Олег Зайончковский Любовь после «Дружбы»

Нижеследующая история относится к тем еще временам, когда у нас водились индейцы. Вымирали постепенно, но еще водились. Впрочем, может быть, их и на ту пору оставалось уже только двое на весь город — двое последних престарелых могикан. Их тогдашние индейские имена унесла река забвения; в мире же бледнолицых их звали Гарик и Геныч.

Разумеется, нелегко приходилось индейцу в СССР. Тогда считалось, что индейскому народу надо жить в Америке — жить и бороться там за свои права. А у нас все народы соединились в общность — такую общность бледнолицых, именуемую «советский народ». Эта общность днем училась и трудилась, а по ночам спала в койках. Что же оставалось делать нашим индейцам, пусть немногочисленным, если они-то хотели днем бездельничать, покуривая трубку, а ночью красться тропой войны? Ничего им не оставалось, кроме как притворяться обыкновенными гражданами, ходить в школу и стареть, забывая постепенно свои настоящие имена.

Но иногда индейский дух давал все-таки о себе знать…

Однажды, теплой июньской ночью, а правильней сказать, поздним вечером, потому что ночь в июне приходит только назавтра, Гарик и Геныч сидели в детсадовской беседке и курили. Табак был просто табак, но он кружил им головы, потому что индейцы только недавно научились затягиваться «в себя». А получасом ранее беседка еще полна была народу, потому что в ней любила повечерять окрестная общность не старше семнадцати лет. Общность блеяла под гитару, грызла семечки и вела разговоры, состоявшие по большей части из междометий.

Теперь беседка обезлюдела. Пол ее был усеян семечковой шелухой и окурками, а по углам таяли сугробы табачного дыма, медленно утекая сквозь дощатые стены. Но в головах у Гарика с Генычем еще звучал гитарный романтический звон. Им совершенно не хотелось спать, и настроение у обоих было самое что ни на есть индейское. Друзей тянуло на приключения.

— А что? — предложил кто-то из них. — Давай сегодня пошляемся?

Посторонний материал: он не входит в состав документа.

text \<open>If the deviation of a continuous path from the line through q is bounded by
  the linearisation error of a function g differentiable at the base point, then
  the path is differentiable there with derivative q: the error is o(|x(t) - x|),
  which the bound turns into o(|t - rho|).\<close>

lemma has_vector_derivative_of_deviation_bound:
  fixes xr :: "real \<Rightarrow> 'a::real_normed_vector" and g :: "'a \<Rightarrow> 'b::real_normed_vector"
  assumes g: "(g has_derivative L) (at (xr \<rho>))" and cont: "isCont xr \<rho>" and c: "c > 0"
    and bound: "\<forall>\<^sub>F t in nhds \<rho>.
      c * norm (xr t - xr \<rho> - (t - \<rho>) *\<^sub>R q) \<le> norm (g (xr t) - g (xr \<rho>) - L (xr t - xr \<rho>))"
  shows "(xr has_vector_derivative q) (at \<rho>)"
  unfolding has_vector_derivative_def has_derivative_at_alt
proof (intro conjI allI impI bounded_linear_scaleR_left)
  fix \<epsilon> :: real assume \<epsilon>: "\<epsilon> > 0"
  define \<eta> where "\<eta> = c / 2 * min 1 (\<epsilon> / (norm q + 1))"
  have nq: "norm q + 1 > 0" by (simp add: add_nonneg_pos)
  have \<eta>: "\<eta> > 0" "\<eta> \<le> c / 2"
    using c \<epsilon> nq by (auto simp: \<eta>_def mult_left_le)
  have "\<eta> * norm q \<le> c / 2 * (\<epsilon> / (norm q + 1) * norm q)"
    unfolding \<eta>_def mult.assoc using c by (intro mult_left_mono mult_right_mono) auto
  also have "\<dots> \<le> c / 2 * \<epsilon>"
    using c \<epsilon> nq by (intro mult_left_mono) (auto simp: field_simps)
  finally have \<eta>q: "\<eta> * norm q \<le> c / 2 * \<epsilon>" .
  obtain \<delta>1 where \<delta>1: "\<delta>1 > 0" "\<forall>y. norm (y - xr \<rho>) < \<delta>1 \<longrightarrow>
      norm (g y - g (xr \<rho>) - L (y - xr \<rho>)) \<le> \<eta> * norm (y - xr \<rho>)"
    using g \<eta>(1) unfolding has_derivative_at_alt by blast
  obtain \<delta>2 where \<delta>2: "\<delta>2 > 0" "\<forall>t. dist t \<rho> < \<delta>2 \<longrightarrow> dist (xr t) (xr \<rho>) < \<delta>1"
    using cont \<delta>1(1) unfolding continuous_at_eps_delta by blast
  obtain \<delta>3 where \<delta>3: "\<delta>3 > 0" "\<forall>t. dist t \<rho> < \<delta>3 \<longrightarrow>
      c * norm (xr t - xr \<rho> - (t - \<rho>) *\<^sub>R q) \<le> norm (g (xr t) - g (xr \<rho>) - L (xr t - xr \<rho>))"
    using bound unfolding eventually_nhds_metric by blast
  show "\<exists>\<delta>>0. \<forall>t. norm (t - \<rho>) < \<delta> \<longrightarrow> norm (xr t - xr \<rho> - (t - \<rho>) *\<^sub>R q) \<le> \<epsilon> * norm (t - \<rho>)"
  proof (intro exI[of _ "min \<delta>2 \<delta>3"] conjI allI impI)
    show "min \<delta>2 \<delta>3 > 0" using \<delta>2 \<delta>3 by simp
    fix t assume "norm (t - \<rho>) < min \<delta>2 \<delta>3"
    then have t2: "dist t \<rho> < \<delta>2" and t3: "dist t \<rho> < \<delta>3" by (auto simp: dist_norm)
    define zz where "zz = xr t - xr \<rho> - (t - \<rho>) *\<^sub>R q"
    have "c * norm zz \<le> \<eta> * norm (xr t - xr \<rho>)"
      using \<delta>3(2) t3 \<delta>1(2) \<delta>2(2) t2 unfolding zz_def dist_norm by (meson order_trans)
    also have "\<dots> \<le> \<eta> * norm zz + \<eta> * (\<bar>t - \<rho>\<bar> * norm q)"
      using norm_triangle_ineq[of zz "(t - \<rho>) *\<^sub>R q"] \<eta>(1)
      by (simp add: zz_def distrib_left[symmetric] mult_left_mono)
    also have "\<dots> \<le> c / 2 * norm zz + \<bar>t - \<rho>\<bar> * (c / 2 * \<epsilon>)"
    proof (rule add_mono)
      show "\<eta> * norm zz \<le> c / 2 * norm zz" using \<eta>(2) by (rule mult_right_mono) simp
      show "\<eta> * (\<bar>t - \<rho>\<bar> * norm q) \<le> \<bar>t - \<rho>\<bar> * (c / 2 * \<epsilon>)"
        using mult_left_mono[OF \<eta>q abs_ge_zero[of "t - \<rho>"]] by (simp add: mult_ac)
    qed
    finally have "c / 2 * norm zz \<le> c / 2 * (\<epsilon> * \<bar>t - \<rho>\<bar>)" by (simp add: algebra_simps)
    then show "norm (xr t - xr \<rho> - (t - \<rho>) *\<^sub>R q) \<le> \<epsilon> * norm (t - \<rho>)"
      using c unfolding zz_def by simp
  qed
qed
(* In the setting of the errors-in-variables model with restricted inverted-Wishart prior described below, with $n\ge3$, $\nu=n-1$, positive-definite sample covariance $S$, and any proper prior density $p(\beta)$, the posterior density of $\beta$ (defined for $\nu_0>1$) converges, for each $\beta\neq0$, as $\nu_0\to0^+$ (for any fixed $-1<\rho_0<1$, $\kappa_0>0$) to $$p(\beta\mid y)=\frac{p(\beta)\,J(\beta,\nu,r,l)}{\int_{-\infty}^\infty p(\beta)\,J(\beta,\nu,r,l)\,d\beta},\qquad r=\frac{S_{12}}{(S_{11}S_{22})^{1/2}},\quad l=\Big(\frac{S_{22}}{S_{11}}\Big)^{1/2}.$$ Here the posterior for $\nu_0>1$ is $p(\beta)\,|\beta|^{\nu_0}|\Psi_0(\beta)+\nu S|^{-(\nu_0+\nu)/2}J\big(\beta,\nu_0+\nu,r(\Psi_0(\beta)+\nu S),l(\Psi_0(\beta)+\nu S)\big)$ normalized over $\beta$, and this expression is the one whose limit is taken. Moreover $J(\beta,\nu,r,l)=J(\beta/l,\nu,r,1)$, so the limit depends on the data only through $r$ and $l$, and the posterior density of $\tilde\beta=\beta/l$ under a proper prior density $q(\tilde\beta)$ on $\tilde\beta$ is $q(\tilde\beta)J(\tilde\beta,\nu,r,1)/\int q\,J(\cdot,\nu,r,1)$, which depends on the data only through $r$.
   Context: Model: $n$ i.i.d. pairs $(y_{1i},y_{2i})$, bivariate normal with mean $(\mu_1,\alpha+\beta\mu_1)$ and covariance $\Sigma=\begin{pmatrix}\tau^2+\sigma_1^2&\beta\tau^2\\ \beta\tau^2&\beta^2\tau^2+\sigma_2^2\end{pmatrix}$, $\tau^2,\sigma_1^2,\sigma_2^2\ge0$. Prior: constant in $(\mu_1,\alpha)$; $p(\tau^2,\sigma_1^2,\sigma_2^2\mid\beta)=|\beta|p(\Sigma\mid\beta)$ with $p(\Sigma\mid\beta)\propto|\Sigma|^{-(\nu_0+3)/2}\exp[-\tfrac12\operatorname{tr}(\Psi_0(\beta)\Sigma^{-1})]$ restricted to $R_\beta$ and normalized, where $\Psi_0(\beta)=\nu_0\kappa_0^2\begin{pmatrix}1&\rho_0\beta\\ \rho_0\beta&\beta^2\end{pmatrix}$ and $R_\beta$ is the set of positive-definite symmetric $\Sigma$ with $\Sigma_{12}/\beta\ge0$, $\Sigma_{11}-\Sigma_{12}/\beta\ge0$, $\Sigma_{22}-\beta\Sigma_{12}\ge0$. For a positive-definite $\Psi$, $r(\Psi)=\Psi_{12}/(\Psi_{11}\Psi_{22})^{1/2}$, $l(\Psi)=(\Psi_{22}/\Psi_{11})^{1/2}$. Functions: $p_t(t;\nu)$ Student $t$ density; $P_F(x;\nu_1,\nu_2)$ $F$ distribution function; for $\nu>1$, $-1<r<1$, $\tilde\beta>0$: $t_-(\nu,r)=-\sqrt{\nu}\,r/\sqrt{1-r^2}$, $t_+(\tilde\beta,\nu,r)=\sqrt{\nu}(\tilde\beta-r)/\sqrt{1-r^2}$, $F(t,\tilde\beta,\nu,r)=\frac{\nu-1}{\nu+1}\frac{\nu+t^2}{[t_+-t_-]^2-[t-t_-]^2}$, $I(\tilde\beta,\nu,r)=\int_{t_-}^{t_+}p_t(t;\nu)P_F(F(t,\tilde\beta,\nu,r);\nu+1,\nu-1)\,dt$, and for $\beta\ne0$, $l>0$: $J(\beta,\nu,r,l)=I(|\beta|/l,\nu,r\,\mathrm{sign}\beta)+I(l/|\beta|,\nu,r\,\mathrm{sign}\beta)$. *)

theory Defs
  imports "HOL-Analysis.Analysis"
begin

definition student_t_density :: "real \<Rightarrow> real \<Rightarrow> real" where
  "student_t_density t nu =
     Gamma ((nu + 1) / 2) / (sqrt (nu * pi) * Gamma (nu / 2))
     * (1 + t\<^sup>2 / nu) powr (- (nu + 1) / 2)"

definition F_density :: "real \<Rightarrow> real \<Rightarrow> real \<Rightarrow> real" where
  "F_density u n1 n2 =
     (if 0 < u then
        (n1 / n2) powr (n1 / 2) * u powr (n1 / 2 - 1)
        * (1 + n1 * u / n2) powr (- (n1 + n2) / 2) / Beta (n1 / 2) (n2 / 2)
      else 0)"

definition F_cdf :: "real \<Rightarrow> real \<Rightarrow> real \<Rightarrow> real" where
  "F_cdf x n1 n2 = (LINT u:{..x}|lborel. F_density u n1 n2)"

definition t_minus :: "real \<Rightarrow> real \<Rightarrow> real" where
  "t_minus nu r = - sqrt nu * r / sqrt (1 - r\<^sup>2)"

definition t_plus :: "real \<Rightarrow> real \<Rightarrow> real \<Rightarrow> real" where
  "t_plus bt nu r = sqrt nu * (bt - r) / sqrt (1 - r\<^sup>2)"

«Пошляться» — это был их пароль. Он обозначал любимое индейское занятие — военные маневры против вымышленного неприятеля. Будь Гарик с Генычем помоложе, они бы давно уже шлялись, вместо того чтобы тратить вечер попусту. Но в том-то и беда, что индейцы были стары и уже не так сильны на вымысел, как прежде. Воображение их с возрастом ослабело и не могло представить детсадовский двор техасским ранчо, а улицы микрорайона превратить в каньоны и ущелья. Даже под флером июньской ночи действительность не желала пересоздаваться, как ни зажмуривайся. Поэтому, когда один индеец предложил другому пошляться, другой только кивнул согласно… и оба не двинулись с места. В эту важную минуту они поняли, что им остается либо как-то примениться к предлагаемой реальности, либо идти спать.

И тут Гарика осенило.

— Идея! — воскликнул он. — Давай запоремся в «Дружбу».

Геныч ответил не сразу. Идея была даже по индейским меркам смелая.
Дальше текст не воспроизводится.